(* Let $X$ be a complete metric space, let $f:X\to\mathbb{R}\cup\{+\infty\}$ be a lower semicontinuous function, let $r_0>0$, $k>0$, and let $\varphi\in\mathcal{K}(0,r_0)$. The following assertions are equivalent: (i) the multivalued mapping $X\rightrightarrows\mathbb{R}$, $x\mapsto[(\varphi\circ f)(x),+\infty)$, is $k$-metrically regular on $[0<f<r_0]\times(0,\varphi(r_0))$; (ii) for all $r_1,r_2\in(0,r_0)$, $\operatorname{Dist}([f\le r_1],[f\le r_2])\le k\,|\varphi(r_1)-\varphi(r_2)|$; (iii) for all $x\in[0<f<r_0]$, $|\nabla(\varphi\circ f)|(x)\ge\frac1k$.
   Context: $\mathcal{K}(0,r_0)$ is the set of functions $\varphi\in C([0,r_0))\cap C^1(0,r_0)$ with $\varphi(0)=0$ and $\varphi'(r)>0$ for all $r\in(0,r_0)$; $\varphi(r_0)$ denotes $\lim_{r\uparrow r_0}\varphi(r)\in(0,+\infty]$. Notation: $[r_1<f<r_2]=\{x:r_1<f(x)<r_2\}$, $[f\le r]=\{x:f(x)\le r\}$. $\operatorname{dist}(x,S)=\inf_{y\in S}d(x,y)$; the Hausdorff distance is $\operatorname{Dist}(S_1,S_2)=\max\{\sup_{x\in S_1}\operatorname{dist}(x,S_2),\sup_{x\in S_2}\operatorname{dist}(x,S_1)\}$ (possibly $+\infty$). A multivalued map $F:X\rightrightarrows Y$ is $k$-metrically regular at $(\bar x,\bar y)\in\operatorname{Graph}F$ if there exist $\varepsilon,\delta>0$ with $\operatorname{dist}(x,F^{-1}(y))\le k\operatorname{dist}(y,F(x))$ for all $(x,y)\in B(\bar x,\varepsilon)\times B(\bar y,\delta)$, where $F^{-1}(y)=\{x:y\in F(x)\}$; it is $k$-metrically regular on $V$ if it is so at every point of $\operatorname{Graph}F\cap V$. Strong slope: $|\nabla g|(x)=\limsup_{y\to x}\frac{(g(x)-g(y))^+}{d(x,y)}$, $a^+=\max\{a,0\}$. *)

theory Defs
  imports "HOL-Analysis.Analysis"
begin

definition lsc :: "('a::topological_space \<Rightarrow> ereal) \<Rightarrow> bool" where
  "lsc f \<longleftrightarrow> (\<forall>x. \<forall>c. c < f x \<longrightarrow> eventually (\<lambda>y. c < f y) (nhds x))"

definition classK :: "real \<Rightarrow> (real \<Rightarrow> real) \<Rightarrow> bool" where
  "classK r0 \<phi> \<longleftrightarrow> continuous_on {0..<r0} \<phi> \<and> \<phi> 0 = 0 \<and>
     (\<exists>\<phi>'. (\<forall>r\<in>{0<..<r0}. (\<phi> has_real_derivative \<phi>' r) (at r) \<and> \<phi>' r > 0)
           \<and> continuous_on {0<..<r0} \<phi>')"

text \<open>phi(r0) = limit of phi(r) as r tends to r0 from the left, in (0, +infinity].\<close>
definition phi_lim :: "real \<Rightarrow> (real \<Rightarrow> real) \<Rightarrow> ereal" where
  "phi_lim r0 \<phi> = Lim (at_left r0) (\<lambda>r. ereal (\<phi> r))"

definition phi_comp :: "real \<Rightarrow> (real \<Rightarrow> real) \<Rightarrow> ('a \<Rightarrow> ereal) \<Rightarrow> 'a \<Rightarrow> ereal" where
  "phi_comp r0 \<phi> f x =
     (if f x \<le> 0 then ereal (\<phi> 0)
      else if f x < ereal r0 then ereal (\<phi> (real_of_ereal (f x)))
      else phi_lim r0 \<phi>)"

text \<open>Distance from a point to a set, with dist(x, empty) = +infinity.\<close>
definition edist :: "'a::metric_space \<Rightarrow> 'a set \<Rightarrow> ereal" where
  "edist x S = (INF y\<in>S. ereal (dist x y))"

definition hDist :: "'a::metric_space set \<Rightarrow> 'a set \<Rightarrow> ereal" where
  "hDist S1 S2 = max (SUP x\<in>S1. edist x S2) (SUP x\<in>S2. edist x S1)"

definition graph :: "('a \<Rightarrow> 'b set) \<Rightarrow> ('a \<times> 'b) set" where
  "graph F = {(x, y). y \<in> F x}"

definition inv_map :: "('a \<Rightarrow> 'b set) \<Rightarrow> 'b \<Rightarrow> 'a set" where
  "inv_map F y = {x. y \<in> F x}"

definition metric_regular_at ::
  "real \<Rightarrow> ('a::metric_space \<Rightarrow> 'b::metric_space set) \<Rightarrow> 'a \<Rightarrow> 'b \<Rightarrow> bool" where
  "metric_regular_at k F xb yb \<longleftrightarrow> (xb, yb) \<in> graph F \<and>
     (\<exists>\<epsilon>>0. \<exists>\<delta>>0. \<forall>x\<in>ball xb \<epsilon>. \<forall>y\<in>ball yb \<delta>.
        edist x (inv_map F y) \<le> ereal k * edist y (F x))"

definition metric_regular_on ::
  "real \<Rightarrow> ('a::metric_space \<Rightarrow> 'b::metric_space set) \<Rightarrow> ('a \<times> 'b) set \<Rightarrow> bool" where
  "metric_regular_on k F V \<longleftrightarrow> (\<forall>(xb, yb)\<in>graph F \<inter> V. metric_regular_at k F xb yb)"

definition strong_slope :: "('a::metric_space \<Rightarrow> ereal) \<Rightarrow> 'a \<Rightarrow> ereal" where
  "strong_slope g x = Limsup (at x) (\<lambda>y. max 0 (g x - g y) / ereal (dist x y))"

end

theory Submission
  imports Defs
begin

text \<open>Write g for \<phi> \<circ> f, with \<phi> extended by 0 below 0 and by \<phi>(r0) from r0 on. Since \<phi> is
  strictly increasing and maps (0, r0) onto (0, \<phi>(r0)), the sublevel set [f \<le> r] is [g \<le> \<phi> r],
  and all three assertions are the corresponding assertions for g with \<phi> the identity.

  For g, both metric regularity of x \<mapsto> [g x, +\<infinity>) and the Lipschitz bound on the sublevel sets
  give the error bound dist(x, [g \<le> a]) \<le> k (g x - a) for levels a just below g x; by definition of
  the strong slope this forces |\<nabla>g|(x) \<ge> 1/k. Conversely, if |\<nabla>g| \<ge> 1/k on the band and x were
  at distance R > k (g x - a) from [g \<le> a], Ekeland's variational principle with constant
  (g x - a)/R < 1/k would produce a point above level a, within distance R of x, at which the slope
  is at most (g x - a)/R. The remaining implication, from the sublevel bound back to metric
  regularity, is a direct estimate.\<close>

lemma edist_le_dist: "y \<in> S \<Longrightarrow> edist x S \<le> ereal (dist x y)"
  unfolding edist_def by (rule INF_lower)

lemma edist_nonneg: "0 \<le> edist x S"
  unfolding edist_def by (rule INF_greatest) simp

lemma edist_eq_0: "x \<in> S \<Longrightarrow> edist x S = 0"
  using edist_le_dist[of x S x] edist_nonneg[of x S] by (simp add: zero_ereal_def[symmetric])

lemma edist_empty: "edist x {} = \<infinity>"
  by (simp add: edist_def top_ereal_def)

lemma edist_less_ereal_iff: "edist x S < ereal r \<longleftrightarrow> (\<exists>y\<in>S. dist x y < r)"
  unfolding edist_def by (auto simp: INF_less_iff)

lemma edist_triangle: "edist x S \<le> ereal (dist x z) + edist z S"
proof (cases "S = {}")
  case True
  then show ?thesis by (simp add: edist_empty)
next
  case False
  have "edist x S \<le> (INF y\<in>S. ereal (dist z y) + ereal (dist x z))"
    unfolding edist_def
  proof (rule INF_mono)
    fix y assume "y \<in> S"
    then show "\<exists>m\<in>S. ereal (dist x m) \<le> ereal (dist z y) + ereal (dist x z)"
      using dist_triangle[of x y z] by (intro bexI[of _ y]) (auto simp: dist_commute)
  qed
  also have "\<dots> = edist z S + ereal (dist x z)"
    unfolding edist_def by (rule INF_ereal_add_left) (use False in auto)
  finally show ?thesis
    by (simp add: add.commute)
qed

lemma edist_le_hDist: "x \<in> B \<Longrightarrow> edist x A \<le> hDist A B"
  unfolding hDist_def by (rule max.coboundedI2) (rule SUP_upper)

lemma hDist_commute: "hDist A B = hDist B A"
  unfolding hDist_def by (rule max.commute)

lemma hDist_le:
  assumes "\<And>x. x \<in> A \<Longrightarrow> edist x B \<le> r" and "\<And>x. x \<in> B \<Longrightarrow> edist x A \<le> r"
  shows "hDist A B \<le> r"
  unfolding hDist_def using assms by (auto intro: SUP_least)

lemma lsc_const: "lsc (\<lambda>x. c)"
  by (simp add: lsc_def)

lemma lsc_max:
  assumes "lsc f" "lsc g"
  shows "lsc (\<lambda>x. max (f x) (g x))"
  unfolding lsc_def
proof (intro allI impI)
  fix x c assume "c < max (f x) (g x)"
  then consider "c < f x" | "c < g x"
    by (auto simp: less_max_iff_disj)
  then show "eventually (\<lambda>y. c < max (f y) (g y)) (nhds x)"
  proof cases
    case 1
    with assms(1) have "eventually (\<lambda>y. c < f y) (nhds x)"
      by (simp add: lsc_def)
    then show ?thesis
      by eventually_elim (simp add: less_max_iff_disj)
  next
    case 2
    with assms(2) have "eventually (\<lambda>y. c < g y) (nhds x)"
      by (simp add: lsc_def)
    then show ?thesis
      by eventually_elim (simp add: less_max_iff_disj)
  qed
qed

lemma lsc_min:
  assumes "lsc f" "lsc g"
  shows "lsc (\<lambda>x. min (f x) (g x))"
  unfolding lsc_def
proof (intro allI impI)
  fix x c assume "c < min (f x) (g x)"
  then have "eventually (\<lambda>y. c < f y) (nhds x)" "eventually (\<lambda>y. c < g y) (nhds x)"
    using assms unfolding lsc_def by simp_all
  then show "eventually (\<lambda>y. c < min (f y) (g y)) (nhds x)"
    by eventually_elim simp
qed

lemma lsc_ereal_iff:
  "lsc (\<lambda>x. ereal (h x)) \<longleftrightarrow> (\<forall>x c. c < h x \<longrightarrow> eventually (\<lambda>y. c < h y) (nhds x))"
proof
  assume lsc: "lsc (\<lambda>x. ereal (h x))"
  show "\<forall>x c. c < h x \<longrightarrow> eventually (\<lambda>y. c < h y) (nhds x)"
  proof (intro allI impI)
    fix x c assume "c < h x"
    then have "ereal c < ereal (h x)"
      by simp
    then show "eventually (\<lambda>y. c < h y) (nhds x)"
      using lsc unfolding lsc_def by (metis (mono_tags) eventually_mono less_ereal.simps(1))
  qed
next
  assume real: "\<forall>x c. c < h x \<longrightarrow> eventually (\<lambda>y. c < h y) (nhds x)"
  show "lsc (\<lambda>x. ereal (h x))"
    unfolding lsc_def
  proof (intro allI impI)
    fix x and c :: ereal
    assume "c < ereal (h x)"
    then show "eventually (\<lambda>y. c < ereal (h y)) (nhds x)"
      using real by (cases c) auto
  qed
qed

lemma lsc_add_continuous:
  assumes "lsc (\<lambda>x. ereal (h x))" and "continuous_on UNIV q"
  shows "lsc (\<lambda>x. ereal (h x + q x))"
  unfolding lsc_ereal_iff
proof (intro allI impI)
  fix x c assume "c < h x + q x"
  define e where "e = (h x + q x - c) / 2"
  have "e > 0"
    using \<open>c < h x + q x\<close> by (simp add: e_def)
  have ce: "c = (h x - e) + (q x - e)"
    by (simp add: e_def)
  have "eventually (\<lambda>y. h x - e < h y) (nhds x)"
    using assms(1) \<open>e > 0\<close> unfolding lsc_ereal_iff by simp
  moreover have "eventually (\<lambda>y. q x - e < q y) (nhds x)"
  proof -
    have "open {y. q x - e < q y}"
      by (intro open_Collect_less continuous_on_const assms(2))
    then show ?thesis
      using eventually_nhds_in_open[of "{y. q x - e < q y}" x] \<open>e > 0\<close> by simp
  qed
  ultimately have "eventually (\<lambda>y. h x - e < h y \<and> q x - e < q y) (nhds x)"
    by (rule eventually_conj)
  then show "eventually (\<lambda>y. c < h y + q y) (nhds x)"
    by (rule eventually_mono) (use ce in linarith)
qed

lemma closed_sublevel_lsc:
  assumes "lsc f"
  shows "closed {x. f x \<le> c}"
proof -
  have "open {x. c < f x}"
  proof (subst open_subopen, intro ballI)
    fix x assume "x \<in> {x. c < f x}"
    then have "eventually (\<lambda>y. c < f y) (nhds x)"
      using assms unfolding lsc_def by blast
    then obtain T where "open T" "x \<in> T" "\<forall>y\<in>T. c < f y"
      unfolding eventually_nhds by blast
    then show "\<exists>T. open T \<and> x \<in> T \<and> T \<subseteq> {x. c < f x}"
      by blast
  qed
  moreover have "{x. f x \<le> c} = - {x. c < f x}"
    by auto
  ultimately show ?thesis
    by (simp only: closed_Compl)
qed

section \<open>Ekeland's variational principle\<close>

definition ekeland_set :: "('a::metric_space \<Rightarrow> real) \<Rightarrow> real \<Rightarrow> 'a \<Rightarrow> 'a set" where
  "ekeland_set h \<alpha> x = {y. h y + \<alpha> * dist y x \<le> h x}"

lemma ekeland_set_self: "x \<in> ekeland_set h \<alpha> x"
  by (simp add: ekeland_set_def)

lemma ekeland_set_subset:
  assumes "\<alpha> \<ge> 0" and "y \<in> ekeland_set h \<alpha> x"
  shows "ekeland_set h \<alpha> y \<subseteq> ekeland_set h \<alpha> x"
proof
  fix w assume "w \<in> ekeland_set h \<alpha> y"
  have "\<alpha> * dist w x \<le> \<alpha> * dist w y + \<alpha> * dist y x"
    using assms(1) dist_triangle[of w x y] by (simp add: distrib_left[symmetric] mult_left_mono)
  with \<open>w \<in> ekeland_set h \<alpha> y\<close> assms(2) show "w \<in> ekeland_set h \<alpha> x"
    by (simp add: ekeland_set_def)
qed

lemma closed_ekeland_set:
  assumes "lsc (\<lambda>x. ereal (h x))"
  shows "closed (ekeland_set h \<alpha> x)"
proof -
  have "lsc (\<lambda>y. ereal (h y + \<alpha> * dist y x))"
    by (intro lsc_add_continuous assms continuous_intros)
  from closed_sublevel_lsc[OF this, of "ereal (h x)"] show ?thesis
    by (simp add: ekeland_set_def)
qed

lemma ekeland_set_nearly_minimal:
  assumes "e > 0"
  shows "\<exists>y\<in>ekeland_set h \<alpha> x. h y \<le> Inf (h ` ekeland_set h \<alpha> x) + e"
proof -
  have "h ` ekeland_set h \<alpha> x \<noteq> {}"
    using ekeland_set_self by blast
  then obtain y where "y \<in> ekeland_set h \<alpha> x" "h y < Inf (h ` ekeland_set h \<alpha> x) + e"
    using cInf_lessD[of "h ` ekeland_set h \<alpha> x" "Inf (h ` ekeland_set h \<alpha> x) + e"] assms by auto
  then show ?thesis
    by force
qed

___

◆ **Work request**
Lines containing the word "subseteq" must all be returned from the material above.

◆ **Final answer**
    then show "\<exists>T. open T \<and> x \<in> T \<and> T \<subseteq> {x. c < f x}"
  shows "ekeland_set h \<alpha> y \<subseteq> ekeland_set h \<alpha> x"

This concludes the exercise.